Stored data entries:
§ §

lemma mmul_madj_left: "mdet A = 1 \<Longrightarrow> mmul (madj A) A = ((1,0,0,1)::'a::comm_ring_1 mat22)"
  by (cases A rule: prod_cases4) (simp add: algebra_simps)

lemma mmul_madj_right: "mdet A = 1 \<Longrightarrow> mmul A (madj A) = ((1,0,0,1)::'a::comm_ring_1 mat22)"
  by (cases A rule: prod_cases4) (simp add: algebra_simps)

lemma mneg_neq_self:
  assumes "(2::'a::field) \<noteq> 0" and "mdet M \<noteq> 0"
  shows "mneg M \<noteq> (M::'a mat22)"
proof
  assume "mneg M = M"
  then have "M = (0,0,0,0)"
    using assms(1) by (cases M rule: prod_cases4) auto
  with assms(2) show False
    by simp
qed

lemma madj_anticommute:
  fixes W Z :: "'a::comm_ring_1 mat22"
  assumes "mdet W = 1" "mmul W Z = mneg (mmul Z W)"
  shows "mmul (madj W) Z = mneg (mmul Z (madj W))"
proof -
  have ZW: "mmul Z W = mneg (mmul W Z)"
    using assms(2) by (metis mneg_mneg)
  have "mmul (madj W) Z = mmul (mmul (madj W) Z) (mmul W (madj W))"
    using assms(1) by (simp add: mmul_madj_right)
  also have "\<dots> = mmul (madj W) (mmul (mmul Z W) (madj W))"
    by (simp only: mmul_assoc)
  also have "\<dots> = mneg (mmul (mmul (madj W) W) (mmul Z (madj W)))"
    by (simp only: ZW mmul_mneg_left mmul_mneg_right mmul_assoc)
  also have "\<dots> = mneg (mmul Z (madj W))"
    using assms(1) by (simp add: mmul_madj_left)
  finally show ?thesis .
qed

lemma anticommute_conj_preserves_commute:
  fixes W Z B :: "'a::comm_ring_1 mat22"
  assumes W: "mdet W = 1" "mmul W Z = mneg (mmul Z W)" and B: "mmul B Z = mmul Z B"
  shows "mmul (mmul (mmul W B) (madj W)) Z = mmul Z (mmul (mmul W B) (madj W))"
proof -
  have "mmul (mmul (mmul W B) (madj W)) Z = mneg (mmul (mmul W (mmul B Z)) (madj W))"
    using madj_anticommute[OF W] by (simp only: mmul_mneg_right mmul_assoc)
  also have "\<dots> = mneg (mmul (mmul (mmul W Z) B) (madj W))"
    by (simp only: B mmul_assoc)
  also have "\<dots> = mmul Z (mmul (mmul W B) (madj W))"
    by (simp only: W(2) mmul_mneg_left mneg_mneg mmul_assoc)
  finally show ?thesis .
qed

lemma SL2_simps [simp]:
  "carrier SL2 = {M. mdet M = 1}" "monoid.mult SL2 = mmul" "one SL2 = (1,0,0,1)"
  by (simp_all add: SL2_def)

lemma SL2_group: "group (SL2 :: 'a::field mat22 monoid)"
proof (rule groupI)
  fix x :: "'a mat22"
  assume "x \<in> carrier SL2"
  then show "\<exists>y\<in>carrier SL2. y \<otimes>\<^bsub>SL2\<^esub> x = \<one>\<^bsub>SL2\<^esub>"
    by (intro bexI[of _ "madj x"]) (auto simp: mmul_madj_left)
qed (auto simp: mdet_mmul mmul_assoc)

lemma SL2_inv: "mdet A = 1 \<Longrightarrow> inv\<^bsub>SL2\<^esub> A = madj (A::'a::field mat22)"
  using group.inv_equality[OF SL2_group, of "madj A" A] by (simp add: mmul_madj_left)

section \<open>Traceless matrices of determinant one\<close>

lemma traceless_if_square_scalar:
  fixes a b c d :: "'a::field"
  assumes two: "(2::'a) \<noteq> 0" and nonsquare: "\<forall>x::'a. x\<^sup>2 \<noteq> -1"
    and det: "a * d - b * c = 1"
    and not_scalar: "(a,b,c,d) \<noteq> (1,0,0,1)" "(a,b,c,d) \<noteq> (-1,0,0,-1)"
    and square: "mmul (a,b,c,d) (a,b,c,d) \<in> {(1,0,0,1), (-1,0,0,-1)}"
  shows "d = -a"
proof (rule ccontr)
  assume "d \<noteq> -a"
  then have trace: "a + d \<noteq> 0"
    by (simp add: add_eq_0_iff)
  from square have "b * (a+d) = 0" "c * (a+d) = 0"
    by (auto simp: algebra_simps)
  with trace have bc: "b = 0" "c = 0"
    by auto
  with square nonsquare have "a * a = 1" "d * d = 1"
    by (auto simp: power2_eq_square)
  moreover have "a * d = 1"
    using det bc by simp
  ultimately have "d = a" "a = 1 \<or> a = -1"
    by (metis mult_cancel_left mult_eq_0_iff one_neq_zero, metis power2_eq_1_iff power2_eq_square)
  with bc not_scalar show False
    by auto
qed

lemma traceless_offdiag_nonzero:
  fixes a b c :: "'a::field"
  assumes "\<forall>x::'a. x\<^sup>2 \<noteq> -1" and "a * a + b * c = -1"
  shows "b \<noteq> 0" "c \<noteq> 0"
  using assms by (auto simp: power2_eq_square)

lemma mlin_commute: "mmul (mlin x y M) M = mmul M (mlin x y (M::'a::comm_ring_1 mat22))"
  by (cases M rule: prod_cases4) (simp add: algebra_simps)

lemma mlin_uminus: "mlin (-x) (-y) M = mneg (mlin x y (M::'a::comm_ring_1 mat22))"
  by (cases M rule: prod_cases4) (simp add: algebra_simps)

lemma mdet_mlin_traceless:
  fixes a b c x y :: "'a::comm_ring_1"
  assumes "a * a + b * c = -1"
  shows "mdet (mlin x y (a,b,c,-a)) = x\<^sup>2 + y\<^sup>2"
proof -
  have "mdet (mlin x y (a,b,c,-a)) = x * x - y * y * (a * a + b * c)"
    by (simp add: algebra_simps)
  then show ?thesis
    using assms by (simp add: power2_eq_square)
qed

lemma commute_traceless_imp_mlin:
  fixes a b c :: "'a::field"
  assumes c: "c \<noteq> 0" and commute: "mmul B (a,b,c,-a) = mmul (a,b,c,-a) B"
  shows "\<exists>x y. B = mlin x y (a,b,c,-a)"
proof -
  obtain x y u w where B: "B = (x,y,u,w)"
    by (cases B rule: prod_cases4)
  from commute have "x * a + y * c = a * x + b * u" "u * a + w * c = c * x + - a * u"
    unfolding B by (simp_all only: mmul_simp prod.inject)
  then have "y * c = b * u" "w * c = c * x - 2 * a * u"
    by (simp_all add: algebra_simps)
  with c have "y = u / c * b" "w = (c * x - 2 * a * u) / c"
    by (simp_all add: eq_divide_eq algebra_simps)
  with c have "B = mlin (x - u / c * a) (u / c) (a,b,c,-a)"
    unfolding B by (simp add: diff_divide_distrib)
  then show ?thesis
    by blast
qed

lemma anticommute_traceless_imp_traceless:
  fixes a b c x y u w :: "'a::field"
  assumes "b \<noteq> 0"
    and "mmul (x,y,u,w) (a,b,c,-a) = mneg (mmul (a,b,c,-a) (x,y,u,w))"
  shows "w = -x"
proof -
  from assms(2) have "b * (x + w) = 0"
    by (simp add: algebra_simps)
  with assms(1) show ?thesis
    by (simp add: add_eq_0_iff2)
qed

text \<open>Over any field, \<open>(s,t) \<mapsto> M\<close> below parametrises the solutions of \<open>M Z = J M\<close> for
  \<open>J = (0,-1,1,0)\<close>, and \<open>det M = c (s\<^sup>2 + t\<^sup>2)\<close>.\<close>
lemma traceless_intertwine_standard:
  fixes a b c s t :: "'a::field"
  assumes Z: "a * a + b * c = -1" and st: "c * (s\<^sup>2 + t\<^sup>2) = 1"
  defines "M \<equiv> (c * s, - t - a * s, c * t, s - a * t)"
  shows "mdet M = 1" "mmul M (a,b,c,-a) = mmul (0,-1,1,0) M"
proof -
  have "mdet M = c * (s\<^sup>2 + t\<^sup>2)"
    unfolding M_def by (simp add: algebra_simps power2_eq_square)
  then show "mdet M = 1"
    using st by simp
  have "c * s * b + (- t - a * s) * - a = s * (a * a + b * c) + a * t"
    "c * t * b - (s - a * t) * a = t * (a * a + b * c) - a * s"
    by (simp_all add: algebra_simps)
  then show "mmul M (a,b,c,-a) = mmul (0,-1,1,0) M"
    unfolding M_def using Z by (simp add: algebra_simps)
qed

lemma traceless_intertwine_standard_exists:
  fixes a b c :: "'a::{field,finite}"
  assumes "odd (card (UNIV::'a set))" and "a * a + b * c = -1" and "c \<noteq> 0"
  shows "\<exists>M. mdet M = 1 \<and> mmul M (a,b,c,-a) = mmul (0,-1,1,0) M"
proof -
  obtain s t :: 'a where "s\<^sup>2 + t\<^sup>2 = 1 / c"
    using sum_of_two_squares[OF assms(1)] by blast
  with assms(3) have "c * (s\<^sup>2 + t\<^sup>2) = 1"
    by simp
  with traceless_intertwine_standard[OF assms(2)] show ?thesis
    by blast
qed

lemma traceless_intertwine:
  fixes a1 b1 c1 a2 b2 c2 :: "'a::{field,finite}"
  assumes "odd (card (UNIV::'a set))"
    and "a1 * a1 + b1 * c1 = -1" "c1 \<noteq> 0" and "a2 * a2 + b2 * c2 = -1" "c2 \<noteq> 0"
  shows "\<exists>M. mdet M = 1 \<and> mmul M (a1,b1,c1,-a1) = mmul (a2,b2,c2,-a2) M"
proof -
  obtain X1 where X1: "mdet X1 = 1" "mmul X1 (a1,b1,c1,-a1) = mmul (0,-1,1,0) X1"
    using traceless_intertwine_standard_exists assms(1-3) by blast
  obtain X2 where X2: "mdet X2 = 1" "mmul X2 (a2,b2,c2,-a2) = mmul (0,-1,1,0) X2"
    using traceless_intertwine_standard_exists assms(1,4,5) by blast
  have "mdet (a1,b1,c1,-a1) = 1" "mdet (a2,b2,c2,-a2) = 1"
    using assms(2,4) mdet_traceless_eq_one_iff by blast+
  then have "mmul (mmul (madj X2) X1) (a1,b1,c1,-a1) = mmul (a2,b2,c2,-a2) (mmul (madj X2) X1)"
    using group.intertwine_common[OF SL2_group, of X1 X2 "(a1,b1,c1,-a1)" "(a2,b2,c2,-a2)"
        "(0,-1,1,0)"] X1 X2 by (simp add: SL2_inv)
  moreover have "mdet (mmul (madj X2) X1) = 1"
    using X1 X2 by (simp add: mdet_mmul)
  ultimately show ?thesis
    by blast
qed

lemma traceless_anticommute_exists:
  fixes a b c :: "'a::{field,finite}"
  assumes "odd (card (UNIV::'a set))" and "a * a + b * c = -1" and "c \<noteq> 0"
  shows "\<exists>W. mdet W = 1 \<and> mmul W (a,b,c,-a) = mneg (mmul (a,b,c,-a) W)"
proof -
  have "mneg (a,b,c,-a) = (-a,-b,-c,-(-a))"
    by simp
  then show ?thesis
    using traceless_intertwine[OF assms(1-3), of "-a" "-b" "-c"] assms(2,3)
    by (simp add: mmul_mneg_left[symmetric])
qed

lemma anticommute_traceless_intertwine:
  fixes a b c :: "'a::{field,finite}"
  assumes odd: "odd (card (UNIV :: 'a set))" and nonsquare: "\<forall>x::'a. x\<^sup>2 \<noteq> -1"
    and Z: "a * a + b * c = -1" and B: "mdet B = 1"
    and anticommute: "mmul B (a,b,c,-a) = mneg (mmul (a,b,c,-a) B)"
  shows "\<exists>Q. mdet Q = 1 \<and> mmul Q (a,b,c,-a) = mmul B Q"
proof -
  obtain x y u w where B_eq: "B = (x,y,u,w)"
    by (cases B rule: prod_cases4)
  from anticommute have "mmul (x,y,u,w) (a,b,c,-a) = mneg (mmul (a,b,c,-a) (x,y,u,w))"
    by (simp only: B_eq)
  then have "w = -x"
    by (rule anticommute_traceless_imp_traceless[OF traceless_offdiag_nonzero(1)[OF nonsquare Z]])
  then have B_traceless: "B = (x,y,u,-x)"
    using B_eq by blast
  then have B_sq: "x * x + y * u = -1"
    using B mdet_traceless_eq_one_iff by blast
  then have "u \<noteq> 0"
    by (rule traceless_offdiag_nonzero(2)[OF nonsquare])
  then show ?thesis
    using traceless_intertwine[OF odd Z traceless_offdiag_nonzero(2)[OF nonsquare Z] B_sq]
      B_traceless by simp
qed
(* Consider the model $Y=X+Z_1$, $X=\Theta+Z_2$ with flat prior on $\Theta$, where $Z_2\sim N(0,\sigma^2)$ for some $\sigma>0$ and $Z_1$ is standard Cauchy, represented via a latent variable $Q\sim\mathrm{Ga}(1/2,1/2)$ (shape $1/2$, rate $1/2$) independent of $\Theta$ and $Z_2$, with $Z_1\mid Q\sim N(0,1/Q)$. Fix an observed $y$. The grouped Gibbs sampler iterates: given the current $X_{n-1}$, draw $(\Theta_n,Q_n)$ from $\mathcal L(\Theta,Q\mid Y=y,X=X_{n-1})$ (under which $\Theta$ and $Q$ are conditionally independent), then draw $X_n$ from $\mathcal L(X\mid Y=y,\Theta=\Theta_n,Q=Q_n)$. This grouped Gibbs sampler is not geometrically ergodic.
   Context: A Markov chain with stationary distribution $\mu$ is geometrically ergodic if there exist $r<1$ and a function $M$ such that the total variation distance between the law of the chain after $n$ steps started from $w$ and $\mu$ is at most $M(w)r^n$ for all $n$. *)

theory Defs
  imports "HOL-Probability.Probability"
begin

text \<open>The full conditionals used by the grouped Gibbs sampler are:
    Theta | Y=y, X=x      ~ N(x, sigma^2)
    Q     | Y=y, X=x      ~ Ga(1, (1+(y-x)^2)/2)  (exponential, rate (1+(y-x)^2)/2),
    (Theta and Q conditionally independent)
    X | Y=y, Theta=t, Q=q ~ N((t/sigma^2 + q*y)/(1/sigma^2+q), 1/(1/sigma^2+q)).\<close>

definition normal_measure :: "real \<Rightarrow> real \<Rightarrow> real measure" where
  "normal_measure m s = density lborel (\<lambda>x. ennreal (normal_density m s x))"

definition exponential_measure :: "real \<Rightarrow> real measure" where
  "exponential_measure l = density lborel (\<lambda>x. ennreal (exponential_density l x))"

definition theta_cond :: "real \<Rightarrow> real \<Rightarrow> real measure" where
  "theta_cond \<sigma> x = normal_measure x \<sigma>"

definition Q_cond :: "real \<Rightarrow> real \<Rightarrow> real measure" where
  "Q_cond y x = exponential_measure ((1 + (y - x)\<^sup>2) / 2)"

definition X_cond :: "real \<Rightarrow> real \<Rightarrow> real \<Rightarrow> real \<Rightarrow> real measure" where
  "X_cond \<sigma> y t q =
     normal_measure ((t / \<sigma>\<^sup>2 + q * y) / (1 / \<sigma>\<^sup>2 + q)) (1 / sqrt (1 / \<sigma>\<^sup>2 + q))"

§ §

— EXERCISE —
Could you reproduce, exactly, every line above from the line with "using traceless_intertwine[OF odd" to the line with "theory Defs", and no other line? Both ends count.

— TASK SOLUTION —
    using traceless_intertwine[OF odd Z traceless_offdiag_nonzero(2)[OF nonsquare Z] B_sq]
      B_traceless by simp
qed
(* Consider the model $Y=X+Z_1$, $X=\Theta+Z_2$ with flat prior on $\Theta$, where $Z_2\sim N(0,\sigma^2)$ for some $\sigma>0$ and $Z_1$ is standard Cauchy, represented via a latent variable $Q\sim\mathrm{Ga}(1/2,1/2)$ (shape $1/2$, rate $1/2$) independent of $\Theta$ and $Z_2$, with $Z_1\mid Q\sim N(0,1/Q)$. Fix an observed $y$. The grouped Gibbs sampler iterates: given the current $X_{n-1}$, draw $(\Theta_n,Q_n)$ from $\mathcal L(\Theta,Q\mid Y=y,X=X_{n-1})$ (under which $\Theta$ and $Q$ are conditionally independent), then draw $X_n$ from $\mathcal L(X\mid Y=y,\Theta=\Theta_n,Q=Q_n)$. This grouped Gibbs sampler is not geometrically ergodic.
   Context: A Markov chain with stationary distribution $\mu$ is geometrically ergodic if there exist $r<1$ and a function $M$ such that the total variation distance between the law of the chain after $n$ steps started from $w$ and $\mu$ is at most $M(w)r^n$ for all $n$. *)

theory Defs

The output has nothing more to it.